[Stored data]
text \<open>
  Write W(x) for the Walsh coefficient of f at x and c(x) = (Tr(x d)) for d in D_f. For x \<noteq> 0,
  orthogonality of the additive character y \<mapsto> (-1)^Tr(y) gives W(x) = 4 wt(c(x)) - 2 n_f.
  A bent f has W(x) = \<plusminus>2^(m/2) everywhere, so the code has exactly two nonzero weights, and
  since 2 n_f > 2^(m/2) once m \<ge> 4 no nonzero codeword vanishes, i.e. x \<mapsto> c(x) is injective.
  As f(0) = 0, W(0) = 2^m - 2 n_f determines n_f, and the Walsh coefficients sum to 2^m; together
  with the number 2^m - 1 of nonzero points this fixes how often each sign, hence each weight,
  occurs.
\<close>

lemma CHAR_eq_2_if_card_power_2:
  assumes "card (UNIV :: 'a::{finite,field} set) = 2 ^ m"
  shows "CHAR('a) = 2"
proof -
  have prime: "prime CHAR('a)"
    by (intro prime_CHAR_semidom finite_imp_CHAR_pos) simp
  moreover have "CHAR('a) dvd 2 ^ m"
    using CHAR_dvd_CARD[where 'a='a] assms by simp
  ultimately have "CHAR('a) dvd 2"
    by (rule prime_dvd_power)
  then have "CHAR('a) \<le> 2"
    by (rule dvd_imp_le) simp
  with prime_gt_1_nat[OF prime] show ?thesis
    by linarith
qed

lemma power_card_UNIV_eq_self: "(x::'a::{finite,field}) ^ card (UNIV :: 'a set) = x"
proof (cases "x = 0")
  case False
  have "(\<Prod>y\<in>UNIV-{0}. x * y) = (\<Prod>y\<in>UNIV-{0::'a}. y)"
    by (rule prod.reindex_bij_witness[of _ "\<lambda>y. y / x" "\<lambda>y. x * y"]) (use False in auto)
  then have "x ^ (card (UNIV :: 'a set) - 1) = 1"
    by (simp add: prod.distrib card_Diff_singleton)
  then show ?thesis
    using power_Suc[of x "card (UNIV :: 'a set) - 1"] finite_UNIV_card_ge_0[where 'a='a] by simp
next
  case True
  then show ?thesis
    using finite_UNIV_card_ge_0[where 'a='a] by simp
qed

lemma tr_zero [simp]: "tr m 0 = 0"
  by (simp add: tr_def zero_power)

lemma hweight_codeword: "hweight D (codeword m D x) = card {d \<in> D. tr m (x * d) \<noteq> 0}"
  unfolding hweight_def codeword_def by (metis (lifting))

lemma hweight_eq_0_iff:
  "finite D \<Longrightarrow> hweight D (codeword m D x) = 0 \<longleftrightarrow> codeword m D x = (\<lambda>_. 0)"
  by (auto simp: hweight_def codeword_def fun_eq_iff)

lemma hweight_codeword_0 [simp]: "hweight D (codeword m D 0) = 0"
  by (simp add: hweight_def codeword_def)

definition tr_sign :: "nat \<Rightarrow> 'a::field \<Rightarrow> int" where
  "tr_sign m y = (if tr m y = 0 then 1 else -1)"

lemma walsh_eq_sum_tr_sign:
  "walsh m f (w::'a::{finite,field}) = (\<Sum>x\<in>UNIV. (if f x then -1 else 1) * tr_sign m (w * x))"
  unfolding walsh_def tr_sign_def by (rule sum.cong) auto

lemma bent_walsh_values:
  assumes "is_bent (2 * h) f"
  shows "walsh (2 * h) f w = 2 ^ h \<or> walsh (2 * h) f w = - (2 ^ h)"
proof -
  have "real_of_int \<bar>walsh (2 * h) f w\<bar> = 2 ^ h"
    using assms by (simp add: is_bent_def powr_realpow)
  then have "\<bar>walsh (2 * h) f w\<bar> = 2 ^ h"
    by (metis of_int_eq_numeral_power_cancel_iff)
  then show ?thesis
    by linarith
qed

lemma two_valued_sum:
  fixes W :: "'b \<Rightarrow> int"
  assumes "finite S" "q \<noteq> 0" "\<And>x. x \<in> S \<Longrightarrow> W x = q \<or> W x = - q"
  shows "card {x \<in> S. W x = q} + card {x \<in> S. W x = - q} = card S"
    and "sum W S = q * (int (card {x \<in> S. W x = q}) - int (card {x \<in> S. W x = - q}))"
proof -
  let ?A = "{x \<in> S. W x = q}" and ?B = "{x \<in> S. W x = - q}"
  have S: "S = ?A \<union> ?B"
    using assms(3) by blast
  have disj: "?A \<inter> ?B = {}"
    using assms(2) by auto
  have "card S = card ?A + card ?B"
    using S disj assms(1) by (metis card_Un_disjoint finite_Un)
  then show "card ?A + card ?B = card S" ..
  have "sum W S = sum W ?A + sum W ?B"
    using S disj assms(1) by (metis sum.union_disjoint finite_Un)
  also have "\<dots> = q * (int (card ?A) - int (card ?B))"
    by (simp add: algebra_simps)
  finally show "sum W S = q * (int (card ?A) - int (card ?B))" .
qed

context
  fixes m :: nat
  assumes card_UNIV: "card (UNIV :: 'a::{finite,field} set) = 2 ^ m"
begin

lemma CHAR_2: "CHAR('a) = 2"
  using CHAR_eq_2_if_card_power_2[OF card_UNIV] .

lemma uminus_eq_self: "- (x::'a) = x"
  by (rule uminus_CHAR_2[OF CHAR_2])

lemma add_self_eq_0: "(x::'a) + x = 0"
  using uminus_eq_self[of x] by (metis add.right_inverse)

lemma add_power_2_power: "((x::'a) + y) ^ 2 ^ i = x ^ 2 ^ i + y ^ 2 ^ i"
  by (rule freshmans_dream') (simp_all add: CHAR_2)

lemma tr_add: "tr m ((x::'a) + y) = tr m x + tr m y"
  by (simp add: tr_def add_power_2_power sum.distrib)

lemma tr_square: "tr m (x::'a) ^ 2 = tr m x"
proof -
  have "tr m x ^ 2 = (\<Sum>i<m. x ^ 2 ^ Suc i)"
    unfolding tr_def
    by (subst freshmans_dream_sum'[where n=1]) (simp_all add: CHAR_2 power_mult[symmetric] mult.commute)
  also have "\<dots> = tr m x"
    using sum.lessThan_Suc_shift[of "\<lambda>i. x ^ 2 ^ i" m] power_card_UNIV_eq_self[of x]
    by (simp add: tr_def card_UNIV)
  finally show ?thesis .
qed

lemma tr_eq_0_or_1: "tr m (x::'a) = 0 \<or> tr m x = 1"
proof -
  have "tr m x * (tr m x - 1) = 0"
    using tr_square[of x] by (simp add: power2_eq_square algebra_simps)
  then show ?thesis
    by simp
qed

lemma m_pos: "0 < m"
proof -
  have "2 \<le> card (UNIV :: 'a set)"
    using card_mono[of UNIV "{0, 1 :: 'a}"] by simp
  then show ?thesis
    using card_UNIV by (cases m) simp_all
qed

text \<open>A nonzero polynomial of degree 2^(m-1) cannot vanish on all 2^m field elements.\<close>
lemma tr_not_identically_zero: "\<exists>a::'a. tr m a \<noteq> 0"
proof (rule ccontr)
  assume "\<not> (\<exists>a::'a. tr m a \<noteq> 0)"
  define p :: "'a poly" where "p = (\<Sum>i<m. monom 1 (2 ^ i))"
  have roots: "{x. poly p x = 0} = UNIV"
    using \<open>\<not> _\<close> by (simp add: p_def poly_sum poly_monom tr_def)
  have "coeff p (2 ^ (m - 1)) = 1"
    using m_pos by (simp add: p_def coeff_sum coeff_monom sum.delta)
  then have "p \<noteq> 0"
    by auto
  have "degree p \<le> 2 ^ (m - 1)"
    unfolding p_def
    by (intro degree_sum_le) (auto simp: degree_monom_eq intro!: power_increasing)
  moreover have "(2::nat) ^ (m - 1) < 2 ^ m"
    using m_pos by simp
  moreover have "2 ^ m \<le> degree p"
    using card_poly_roots_bound[OF \<open>p \<noteq> 0\<close>] roots card_UNIV by simp
  ultimately show False
    by linarith
qed

lemma tr_sign_add: "tr_sign m ((x::'a) + y) = tr_sign m x * tr_sign m y"
  using tr_eq_0_or_1[of x] tr_eq_0_or_1[of y] add_self_eq_0[of 1]
  by (auto simp: tr_sign_def tr_add)

lemma sum_tr_sign: "(\<Sum>y\<in>UNIV. tr_sign m (y::'a)) = 0"
proof -
  obtain a :: 'a where "tr_sign m a = -1"
    using tr_not_identically_zero by (auto simp: tr_sign_def)
  have "(\<Sum>y\<in>UNIV. tr_sign m (y::'a)) = (\<Sum>y\<in>UNIV. tr_sign m (y + a))"
    by (rule sum.reindex_bij_witness[of _ "\<lambda>y. y + a" "\<lambda>y. y - a"]) auto
  also have "\<dots> = - (\<Sum>y\<in>UNIV. tr_sign m (y::'a))"
    using \<open>tr_sign m a = -1\<close> by (simp add: tr_sign_add sum_negf)
  finally show ?thesis
    by simp
qed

> **Instructions for the task**:
Above are the records; from them, give again exactly the lines from the one containing "orthogonality of the" through the one containing "since 2 n_f", both included.

> **Result of the task**:
  orthogonality of the additive character y \<mapsto> (-1)^Tr(y) gives W(x) = 4 wt(c(x)) - 2 n_f.
  A bent f has W(x) = \<plusminus>2^(m/2) everywhere, so the code has exactly two nonzero weights, and
  since 2 n_f > 2^(m/2) once m \<ge> 4 no nonzero codeword vanishes, i.e. x \<mapsto> c(x) is injective.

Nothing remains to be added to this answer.